EXERCISE REQUIREMENTS ::
Reproduce exactly, from the data that follows, the line with "r a \<longleftrightarrow>", the line with "fix z assume", and every line that lies between them.

TASK DATA ::

lemma connected_sub_constant:
  assumes G: "graph V E r" and sg: "subgraph V E r V' E'" and cn: "connected_sub V' r E'"
    and edge: "\<And>e u. e \<in> E' \<Longrightarrow> u \<in> r e \<Longrightarrow> f e = f u"
    and y: "y \<in> V' \<union> E'" and z: "z \<in> V' \<union> E'"
  shows "f y = f z"
proof -
  obtain v0 where v0: "v0 \<in> V'" using cn unfolding connected_sub_def by blast
  have on_V': "f u = f v0" if "u \<in> V'" for u
  proof (rule connected_sub_propagate[OF cn v0, where P = "\<lambda>u. f u = f v0"])
    fix e y z assume "e \<in> E'" "y \<in> r e" "z \<in> r e" "f y = f v0"
    then show "f z = f v0" using edge by metis
  qed (use that in simp_all)
  have "f w = f v0" if w: "w \<in> V' \<union> E'" for w
  proof (cases "w \<in> V'")
    case False
    then have "w \<in> E'" "r w \<subseteq> V'" using w sg unfolding subgraph_def by auto
    moreover obtain u where "u \<in> r w"
      using graph_edge_endpoints[OF G] sg \<open>w \<in> E'\<close> unfolding subgraph_def by blast
    ultimately show ?thesis using edge on_V' by auto
  qed (use on_V' in blast)
  then show ?thesis using y z by simp
qed

text \<open>Along such an edge neither f nor the complementary summand can increase, so
  neither changes.\<close>
lemma summand_constant_on_connected:
  assumes G: "graph V E r" and sg: "subgraph V E r V' E'" and cn: "connected_sub V' r E'"
    and f: "agg V E r f" "summand V E r f x"
    and tight: "\<And>e u. e \<in> E' \<Longrightarrow> u \<in> r e \<Longrightarrow> x e = x u"
    and y: "y \<in> V' \<union> E'" and z: "z \<in> V' \<union> E'"
  shows "f y = f z"
proof (rule connected_sub_constant[OF G sg cn _ y z])
  fix e u assume e: "e \<in> E'" and u: "u \<in> r e"
  obtain c where c: "agg V E r c" and xc: "x = aplus f c" using f(2) unfolding summand_def by blast
  have "e \<in> E" using sg e unfolding subgraph_def by blast
  then have "f e \<le> f u" "c e \<le> c u" using agg_edge_le[OF f(1) _ u] agg_edge_le[OF c _ u] by blast+
  moreover have "f e + c e = f u + c u" using tight[OF e u] unfolding xc aplus_def .
  ultimately show "f e = f u" by linarith
qed

lemma atom_pos: "atom V E r a \<Longrightarrow> \<exists>y. 0 < a y"
  unfolding atom_def azero_def by (auto simp: fun_eq_iff)

lemma atom_le_1:
  assumes "atom V E r a"
  shows "a x \<le> 1"
proof (rule ccontr)
  assume "\<not> a x \<le> 1"
  define b where "b = (\<lambda>y. min (a y) 1)"
  define c where "c = (\<lambda>y. a y - 1)"
  have a: "agg V E r a" using assms unfolding atom_def by blast
  have "agg V E r b" using a unfolding agg_def b_def by (auto simp: min_le_iff_disj)
  moreover have "agg V E r c" using a unfolding agg_def c_def by (auto intro: diff_le_mono)
  moreover have "b x \<noteq> 0" "c x \<noteq> 0" using \<open>\<not> a x \<le> 1\<close> unfolding b_def c_def by auto
  then have "b \<noteq> azero" "c \<noteq> azero" unfolding azero_def by auto
  moreover have "a = aplus b c" unfolding aplus_def b_def c_def by (auto simp: min_def)
  ultimately show False using assms unfolding atom_def by blast
qed

lemma atom_eq_ind_support:
  assumes G: "graph V E r" and A: "atom V E r a"
  shows "a = ind {v\<in>V. 0 < a v} {e\<in>E. 0 < a e}"
    and "subgraph V E r {v\<in>V. 0 < a v} {e\<in>E. 0 < a e}"
proof -
  have a: "agg V E r a" using A unfolding atom_def by blast
  have "a x = ind {v\<in>V. 0 < a v} {e\<in>E. 0 < a e} x" for x
    using atom_le_1[OF A, of x] agg_outside[OF a, of x] unfolding ind_def by auto
  then show "a = ind {v\<in>V. 0 < a v} {e\<in>E. 0 < a e}" ..
  show "subgraph V E r {v\<in>V. 0 < a v} {e\<in>E. 0 < a e}"
    unfolding subgraph_def using graph_edge_endpoints(1)[OF G] agg_edge_le[OF a]
    by (fastforce elim: order.strict_trans2)
qed

text \<open>Closedness makes ind V' E' the sum of the indicators of two subgraphs, one
  with vertex set C and one with vertex set V' - C.\<close>
lemma atom_ind_closed_subset:
  assumes G: "graph V E r" and sg: "subgraph V E r V' E'" and A: "atom V E r (ind V' E')"
    and C: "C \<subseteq> V'" and closed: "\<And>e. e \<in> E' \<Longrightarrow> r e \<inter> C \<noteq> {} \<Longrightarrow> r e \<subseteq> C"
  shows "C = {} \<or> C = V'"
proof -
  define E1 where "E1 = {e\<in>E'. r e \<inter> C \<noteq> {}}"
  define E2 where "E2 = {e\<in>E'. r e \<inter> C = {}}"
  have "subgraph V E r C E1" "subgraph V E r (V' - C) E2"
    using sg C closed unfolding subgraph_def E1_def E2_def by auto
  then have aggs: "agg V E r (ind C E1)" "agg V E r (ind (V' - C) E2)"
    using agg_ind[OF G] by blast+
  have "V' \<inter> E' = {}" using sg graph_vertex_not_edge[OF G] unfolding subgraph_def by blast
  then have "ind V' E' = aplus (ind C E1) (ind (V' - C) E2)"
    using C unfolding ind_def aplus_def E1_def E2_def by (auto simp: fun_eq_iff)
  then have "ind C E1 = azero \<or> ind (V' - C) E2 = azero"
    using A aggs unfolding atom_def by blast
  moreover have "X = {}" if "ind X F = azero" for X F :: "'a set"
    using that unfolding ind_def azero_def fun_eq_iff by (metis UnI1 equals0I one_neq_zero)
  ultimately show ?thesis using C by blast
qed

lemma atom_ind_connected:
  assumes G: "graph V E r" and sg: "subgraph V E r V' E'" and cn: "connected_sub V' r E'"
  shows "atom V E r (ind V' E')"
proof -
  obtain v0 where v0: "v0 \<in> V'" using cn unfolding connected_sub_def by blast
  have split: "b = azero \<or> c = azero"
    if b: "agg V E r b" and c: "agg V E r c" and bc: "ind V' E' = aplus b c" for b c
  proof -
    have tight: "ind V' E' e = ind V' E' u" if "e \<in> E'" "u \<in> r e" for e u
      using that sg unfolding subgraph_def ind_def by auto
    have "summand V E r b (ind V' E')" "summand V E r c (ind V' E')"
      using b c bc unfolding summand_def by (auto simp: aplus_def fun_eq_iff add.commute)
    then have const: "b y = b v0" "c y = c v0" if "y \<in> V' \<union> E'" for y
      using summand_constant_on_connected[OF G sg cn] b c tight that v0 by blast+
    have outside: "b y = 0" "c y = 0" if "y \<notin> V' \<union> E'" for y
      using fun_cong[OF bc, of y] that unfolding ind_def aplus_def by simp_all
    have vanish: "f = azero" if "f v0 = 0" "\<And>y. y \<in> V' \<union> E' \<Longrightarrow> f y = f v0"
      "\<And>y. y \<notin> V' \<union> E' \<Longrightarrow> f y = 0" for f :: "'a \<Rightarrow> nat"
    proof
      fix y show "f y = azero y" using that by (cases "y \<in> V' \<union> E'") (auto simp: azero_def)
    qed
    have "b v0 + c v0 = 1" using fun_cong[OF bc, of v0] v0 unfolding ind_def aplus_def by simp
    then have "b v0 = 0 \<or> c v0 = 0" by arith
    then show ?thesis using vanish[of b] vanish[of c] const outside by blast
  qed
  have "ind V' E' \<noteq> azero" using v0 unfolding ind_def azero_def by (auto simp: fun_eq_iff)
  then show ?thesis using split agg_ind[OF G sg] unfolding atom_def by blast
qed

lemma atom_iff_connected_ind:
  assumes G: "graph V E r"
  shows "atom V E r a \<longleftrightarrow>
    (\<exists>V' E'. subgraph V E r V' E' \<and> connected_sub V' r E' \<and> a = ind V' E')"
proof
  assume A: "atom V E r a"
  define V' where "V' = {v\<in>V. 0 < a v}"
  define E' where "E' = {e\<in>E. 0 < a e}"
  have a: "a = ind V' E'" and sg: "subgraph V E r V' E'"
    using atom_eq_ind_support[OF G A] unfolding V'_def E'_def by blast+
  obtain y where "y \<in> V' \<union> E'"
    using atom_pos[OF A] unfolding a ind_def by (auto split: if_splits)
  then obtain v0 where v0: "v0 \<in> V'"
    using sg graph_edge_endpoints(2)[OF G] unfolding subgraph_def by blast
  define C where "C = {w\<in>V'. (v0, w) \<in> (adj E' r)\<^sup>*}"
  have "r e \<subseteq> C" if e: "e \<in> E'" and "r e \<inter> C \<noteq> {}" for e
  proof
    fix z assume z: "z \<in> r e"
    obtain u where "u \<in> r e" "(v0, u) \<in> (adj E' r)\<^sup>*" using \<open>r e \<inter> C \<noteq> {}\<close> C_def by blast
    moreover have "(u, z) \<in> adj E' r" using e z \<open>u \<in> r e\<close> unfolding adj_def by blast
    moreover have "z \<in> V'" using sg e z unfolding subgraph_def by blast
    ultimately show "z \<in> C" unfolding C_def by (auto intro: rtrancl_into_rtrancl)
  qed
  then have "C = V'"
    using atom_ind_closed_subset[OF G sg, of C] A v0 unfolding a C_def by blast
  then have "connected_sub V' r E'" using connected_subI[OF v0] unfolding C_def by blast
  then show "\<exists>V' E'. subgraph V E r V' E' \<and> connected_sub V' r E' \<and> a = ind V' E'"
    using sg a by blast
next
  assume "\<exists>V' E'. subgraph V E r V' E' \<and> connected_sub V' r E' \<and> a = ind V' E'"
  then show "atom V E r a" using atom_ind_connected[OF G] by blast
qed

lemma deg_le_1_iff:
  assumes "finite E"
  shows "deg E r v \<le> 1 \<longleftrightarrow> (\<forall>e\<in>E. \<forall>e'\<in>E. v \<in> r e \<longrightarrow> v \<in> r e' \<longrightarrow> e = e')"
  using card_le_Suc0_iff_eq[of "{e\<in>E. v \<in> r e}"] assms unfolding deg_def by auto

definition toggle_edge :: "'a set \<Rightarrow> 'a set \<Rightarrow> ('a \<Rightarrow> 'a set) \<Rightarrow> 'a \<Rightarrow> 'a \<Rightarrow> nat" where
  "toggle_edge V' E' r e =
     (if e \<in> E' then ind V' (E' - {e}) else ind (V' \<union> r e) (insert e E'))"

lemma toggle_edge_le_1: "toggle_edge V' E' r e y \<le> 1"
  unfolding toggle_edge_def ind_def by auto

lemma toggle_edge_eq_ind:
  assumes G: "graph V E r" and sg: "subgraph V E r V' E'" and e: "e \<in> E"
    and y: "y \<in> V' \<union> (E - {e})"
  shows "toggle_edge V' E' r e y = ind V' E' y"
  using y graph_edge_endpoints(1)[OF G e] graph_vertex_not_edge[OF G] sg
  unfolding toggle_edge_def ind_def subgraph_def by auto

TASK ANSWER ::
  shows "atom V E r a \<longleftrightarrow>
    (\<exists>V' E'. subgraph V E r V' E' \<and> connected_sub V' r E' \<and> a = ind V' E')"
proof
  assume A: "atom V E r a"
  define V' where "V' = {v\<in>V. 0 < a v}"
  define E' where "E' = {e\<in>E. 0 < a e}"
  have a: "a = ind V' E'" and sg: "subgraph V E r V' E'"
    using atom_eq_ind_support[OF G A] unfolding V'_def E'_def by blast+
  obtain y where "y \<in> V' \<union> E'"
    using atom_pos[OF A] unfolding a ind_def by (auto split: if_splits)
  then obtain v0 where v0: "v0 \<in> V'"
    using sg graph_edge_endpoints(2)[OF G] unfolding subgraph_def by blast
  define C where "C = {w\<in>V'. (v0, w) \<in> (adj E' r)\<^sup>*}"
  have "r e \<subseteq> C" if e: "e \<in> E'" and "r e \<inter> C \<noteq> {}" for e
  proof
    fix z assume z: "z \<in> r e"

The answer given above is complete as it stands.